Submitted to: Environmental and Experimental Botany
Publication Type: Peer Reviewed Journal
Publication Acceptance Date: 3/8/2004
Publication Date: 2/5/2005
Citation: Vu, J.C.V. 2005 Acclimation of peanut(Arachis hypogaea L.) leaf photosynthesis to elevate growth CO2 and temperature. Environmental and Experimental Botany 53: 85-95

Interpretive Summary: Peanut, a subtropical pulse or oil crop, has been widely grown under various climatic conditions in Africa, Asia, and North and South America. Yield of peanut, similar to other crops, is the net result of photosynthesis, a process by which green leaves absorb carbon dioxide (CO2) from the air to make the basic compounds required for plant growth and development. Photosynthesis is greatly influenced by environmental factors. Assessment of the regulatory mechanisms of peanut photosynthesis in response to future global climate changes is, however, limited. In this study, by USDA, ARS, scientists at the Center for Medical, Agricultural, and Veterinary Entomology in Gainesville, FL, peanut was grown season-long under ambient or twice-ambient CO2, and at near ambient and 6C above ambient temperatures, to assess leaf photosynthesis with rising air temperature at high CO2. The results indicate that peanut plants grown at twice-ambient CO2 acclimated and exceeded their ambient-CO2 counterparts at both growth temperatures in most aspects of leaf photosynthesis, including CO2 uptake rates, water-use efficiency and accumulation of carbohydrates. Thus, in the absence of other stresses, peanut should perform well photosynthetically under rising CO2 and temperature conditions as predicted for this century.
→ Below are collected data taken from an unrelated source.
lemma not_spanned_at_even:
  assumes n: "even n" "4 \<le> n" "n < t"
  shows "r (insert (fs ! n) (Fk n)) \<noteq> r (Fk n)"
proof
  assume spanned: "r (insert (fs ! n) (Fk n)) = r (Fk n)"
  have eq: "Fk (Suc n) = insert (fs ! n) (Fk n)" by (rule Fk_Suc)
  have "r (E - Fk n) \<noteq> r (E - Fk (Suc n))"
    using corank_drop_at_even[OF n, of "Fk n"] eq nth_in_Fk_iff n by simp
  moreover have "r (E - Fk (Suc n)) \<le> r (E - Fk n)" by (rule rank_mono) (use eq in auto)
  moreover have "E - Fk n = insert (fs ! n) (E - Fk (Suc n))"
    using eq nth_in_E nth_in_Fk_iff[of n n] n by auto
  then have "r (E - Fk n) \<le> r (E - Fk (Suc n)) + 1"
    using rank_insert_le[of "E - Fk (Suc n)" "fs ! n"] nth_in_E n by auto
  ultimately have lam: "r (Fk (Suc n)) + r (E - Fk (Suc n)) + 1 \<le> r E + 2"
    using conn_Fk_le2[of n] spanned eq n by simp
  have FS: "Fk (Suc n) \<subseteq> E" "2 \<le> card (Fk (Suc n))" using Fk_sub_E card_Fk n by auto
  have small: "\<not> 2 \<le> card (E - Fk (Suc n))" using rank_split_ge2[OF FS] lam by auto
  have FF: "Fk (Suc n) \<subseteq> F" using F_eq_Fk Fk_mono n by simp
  obtain q where q: "q \<in> E" "q \<notin> F" using F_neq_E F_sub_E by blast
  have only_q: "x = q" if "x \<in> E - Fk (Suc n)" for x
    using card_ge2_of_two[of "E - Fk (Suc n)" x q] that q FF small finite_E by auto
  then have F: "F = Fk (Suc n)" "F = E - {q}" using FF q F_sub_E by blast+
  then have "t = Suc n" using card_F card_Fk[of "Suc n"] n by simp
  then have "odd t" using n(1) by simp
  moreover have "insert q F = E" "r F = r E" using F(2) q rank_Diff_singleton by auto
  ultimately show False using not_spanned_by_F_if_odd[of q] q by metis
qed

lemma not_spanned_f4_compl:
  assumes t5: "5 \<le> t"
  shows "r (insert (fs ! 4) (E - {fs ! 0, fs ! 1, fs ! 3, fs ! 4}))
    \<noteq> r (E - {fs ! 0, fs ! 1, fs ! 3, fs ! 4})"
proof -
  define f0 f1 f2 f3 f4 where "f0 = fs ! 0" "f1 = fs ! 1" "f2 = fs ! 2" "f3 = fs ! 3" "f4 = fs ! 4"
  have inE: "f0 \<in> E" "f1 \<in> E" "f2 \<in> E" "f3 \<in> E" "f4 \<in> E"
    unfolding f0_f1_f2_f3_f4_def by (rule nth_in_E, use t5 in linarith)+
  have d: "f0 \<noteq> f1" "f0 \<noteq> f2" "f0 \<noteq> f3" "f0 \<noteq> f4" "f1 \<noteq> f2" "f1 \<noteq> f3" "f1 \<noteq> f4"
     "f2 \<noteq> f3" "f2 \<noteq> f4" "f3 \<noteq> f4"
    unfolding f0_f1_f2_f3_f4_def by (rule nth_neq, use t5 in linarith, use t5 in linarith, simp)+
  have T1: "triad M {f0, f1, f2}" using triad_first unfolding f0_f1_f2_f3_f4_def .
  have T3: "triad M {f2, f3, f4}" using triad_at[of 2] t5 unfolding f0_f1_f2_f3_f4_def by simp
  have F4: "Fk 4 = {f0, f1, f2, f3}" using Fk4_eq unfolding f0_f1_f2_f3_f4_def .
  txt \<open>\<open>F\<^sub>4\<close> has rank 3, so \<open>E - F\<^sub>4\<close> has corank 1, and \<open>f2\<close> is a coloop of the complement of the first triad.\<close>
  have "r (insert f2 (E - {f0, f1, f2, f3})) = r (E - {f0, f1, f2, f3}) + 1"
    by (rule rank_insert_triad[OF T1]) auto
  moreover have "insert f2 (E - {f0, f1, f2, f3}) = E - {f0, f1, f3}" using inE d by auto
  moreover have "Fk 4 \<subseteq> E" "finite (Fk 4)" using Fk_sub_E[of 4] t5 finite_E finite_subset by auto
  then have "card (E - Fk 4) = card E - 4" using card_Diff_subset[of "Fk 4" E] card_Fk[of 4] t5 by simp
  then have "r E + 2 \<le> r (Fk 4) + r (E - Fk 4)"
    using rank_split_ge2[OF Fk_sub_E] card_Fk[of 4] t5 card_E_ge6 by simp
  ultimately have "r E \<le> r (E - {f0, f1, f3})" using rank_Fk4_le3 F4 by simp
  then have S1: "r (E - {f0, f1, f3}) = r E" using rank_le_rank_E[of "E - {f0, f1, f3}"] by simp
  txt \<open>The triads \<open>{f0, f1, f2}\<close> and \<open>{f2, f3, f4}\<close> meet in \<open>f2\<close>; submodularity shows that removing
    all five elements lowers the rank by 2.\<close>
  have "r ((E - {f0, f1, f2}) \<union> (E - {f2, f3, f4})) + r ((E - {f0, f1, f2}) \<inter> (E - {f2, f3, f4}))
     \<le> r (E - {f0, f1, f2}) + r (E - {f2, f3, f4})" by (rule rank_submod) auto
  moreover have "(E - {f0, f1, f2}) \<union> (E - {f2, f3, f4}) = E - {f2}" using d by auto
  moreover have "(E - {f0, f1, f2}) \<inter> (E - {f2, f3, f4}) = E - {f0, f1, f2, f3, f4}" by auto
  ultimately have R5: "r (E - {f0, f1, f2, f3, f4}) + 2 \<le> r E"
    using rank_Diff_singleton[of f2] inE triadD(3)[OF T1] triadD(3)[OF T3] by simp
  have "E - {f0, f1, f3, f4} = insert f2 (E - {f0, f1, f2, f3, f4})" using inE d by auto
  then have "r (E - {f0, f1, f3, f4}) < r E"
    using rank_insert_le[of "E - {f0, f1, f2, f3, f4}" f2] inE R5 by auto
  moreover have "insert f4 (E - {f0, f1, f3, f4}) = E - {f0, f1, f3}" using inE d by auto
  ultimately show ?thesis using S1 unfolding f0_f1_f2_f3_f4_def by simp
qed

section \<open>Contracting one element of the flan\<close>

lemma first_index_facts:
  assumes "c < 3"
  shows "fs ! c \<in> E" "fs ! c \<in> Fk 4" "fs ! c \<in> {fs ! 0, fs ! 1, fs ! 2}"
proof -
  show "fs ! c \<in> E" using assms nth_in_E length_ge4 by simp
  show "fs ! c \<in> Fk 4" using assms nth_in_Fk_iff[of c 4] length_ge4 by simp
  show "fs ! c \<in> {fs ! 0, fs ! 1, fs ! 2}" using assms by (auto simp: less_Suc_eq numeral_nat)
qed

lemma Fk4_minus_spanning_triple:
  assumes c: "c < 3" and nt: "\<not> in_triangle M (fs ! c)"
  shows "Fk 4 - {fs ! c} \<subseteq> E - {fs ! c}" "card (Fk 4 - {fs ! c}) = 3"
    "\<And>x K. x \<in> Fk 4 - {fs ! c} \<Longrightarrow> fs ! c \<in> K \<Longrightarrow> K \<subseteq> E \<Longrightarrow>
      r (insert x ((Fk 4 - {fs ! c} - {x}) \<union> K)) = r ((Fk 4 - {fs ! c} - {x}) \<union> K)"
proof -
  let ?a = "fs ! c" and ?P = "Fk 4 - {fs ! c}"
  have F4E: "Fk 4 \<subseteq> E" using Fk_sub_E length_ge4 by simp
  have finF: "finite (Fk 4)" using F4E finite_E finite_subset by blast
  note a = first_index_facts[OF c]
  show "?P \<subseteq> E - {?a}" using F4E by auto
  show c3: "card ?P = 3" using card_Fk[of 4] length_ge4 a finF by simp
  fix x K assume x: "x \<in> ?P" and K: "?a \<in> K" "K \<subseteq> E"
  have "card (?P - {x}) = 2" using c3 x finF by simp
  then obtain y z where yz: "?P - {x} = {y, z}" "y \<noteq> z" by (meson card_2_iff)
  have yzE: "y \<in> E" "z \<in> E" "y \<noteq> ?a" "z \<noteq> ?a" using yz F4E by auto
  have "r {y, z, ?a} = 3" using rank_triple_if_not_in_triangle[OF nt yzE(1,2) a(1) yz(2) yzE(3,4)] .
  moreover have "(?P - {x}) \<union> {?a} = {y, z, ?a}" using yz by auto
  moreover have "insert x {y, z, ?a} = Fk 4" using yz x a by auto
  moreover have "r {y, z, ?a} \<le> r (Fk 4)" by (rule rank_mono) (use yz F4E a in auto)
  ultimately have "r (insert x ((?P - {x}) \<union> {?a})) = r ((?P - {x}) \<union> {?a})"
    using rank_Fk4_le3 by simp
  then show "r (insert x ((?P - {x}) \<union> K)) = r ((?P - {x}) \<union> K)"
    by (rule matroid_spanned_mono[OF matroid, rotated -1]) (use K F4E x in auto)
qed

lemma three_connected_contr_first:
  assumes c: "c < 3" and nt: "\<not> in_triangle M (fs ! c)"
  shows "three_connected (contr {fs ! c})"
proof (rule three_connected_contr)
  let ?a = "fs ! c"
  note a = first_index_facts[OF c]
  note P = Fk4_minus_spanning_triple[OF c nt]
  show "{?a} \<subseteq> E" using a by simp
  show "r E + r {?a} + 1 \<le> r (X \<union> {?a}) + r (E - X)"
    if "X \<subseteq> E - {?a}" "X \<noteq> {}" "E - {?a} - X \<noteq> {}" for X
    by (rule contr_singleton_conn1[OF a(1) that])
  show "\<not> two_sep {?a} X" for X
  proof
    assume s: "two_sep {?a} X"
    have "Z \<inter> (Fk 4 - {?a}) \<noteq> {}" if "two_sep {?a} Z" for Z
    proof -
      have "Z \<inter> {fs ! 0, fs ! 1, fs ! 2} \<noteq> {}"
        using two_sep_singleton_meets_triad[OF a(1) that triad_first a(3)] .
      moreover have "Z \<subseteq> E - {?a}" using that unfolding two_sep_def by auto
      ultimately show ?thesis using Fk3_eq Fk4_eq by auto
    qed
    moreover have "3 \<le> card X" "3 \<le> card (E - {?a} - X)"
      using two_sep_singleton_card_ge3[OF a(1) nt] s two_sep_compl[of "{?a}", OF _ s] a(1) by auto
    ultimately have "\<not> two_sep {?a} X"
      using no_two_sep_if_spanning_triple[OF _ P(1,2) P(3)] a(1) by blast
    then show False using s by contradiction
  qed
qed

text \<open>The sequence along which a 2-separation is grown: two elements \<open>p, q\<close> of one side and the
  third element \<open>s\<close> of \<open>F\<^sub>3\<close> (for \<open>d = 0\<close>) or of \<open>F\<^sub>4 - {f\<^sub>i}\<close> (for \<open>d = 1\<close>), followed by
  \<open>fs ! (3 + d), fs ! (4 + d), \<dots>\<close>\<close>

definition relabel :: "'a \<Rightarrow> 'a \<Rightarrow> 'a \<Rightarrow> nat \<Rightarrow> nat \<Rightarrow> 'a" where
  "relabel p q s d l = (if l = 0 then p else if l = 1 then q else if l = 2 then s else fs ! (l + d))"

lemma relabel_image_2: "relabel p q s d ` {..<2} = {p, q}"
  by (auto simp: relabel_def lessThan_Suc numeral_2_eq_2)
Technical Abstract: Peanut was grown for under 360 and 720 ppm CO2 and at 1.5 and 6C above ambient temperature to characterize leaf photosynthesis response to high CO2 and temperature, and to test if leaf photosynthetic capacity, in terms of Rubisco activity and protein content, was down-regulated at high CO2. Leaves of plants grown at high CO2 had higher photosynthetic rate (Pn), lower transpiration and conductance, higher water-use efficiency and lower Pn response curve initial slope, compared to those of plants grown at ambient CO2. Both activity and protein content of Rubisco were reduced at high CO2. Declines in Rubisco under high CO2 were up to 30% for activity and 20% for protein content. Although Rubisco was down-regulated at high CO2, Rubisco photosynthetic efficiency, the ratio of midday Pn to Rubisco activity, of the high-CO2 plants was 1.3- to 1.9-fold greater than that of the ambient-CO2 plants at both growth temperatures. Leaf soluble sugars and starch of plants grown at high CO2 were 1.3- to 2-fold higher than those of plants grown at ambient CO2. Leaf soluble sugars and starch were not affected by high temperature under elevated CO2, but were reduced at ambient CO2. Thus, in the absence of other stresses, peanut photosynthesis would perform well under rising atmospheric CO2 and temperature as predicted for this century.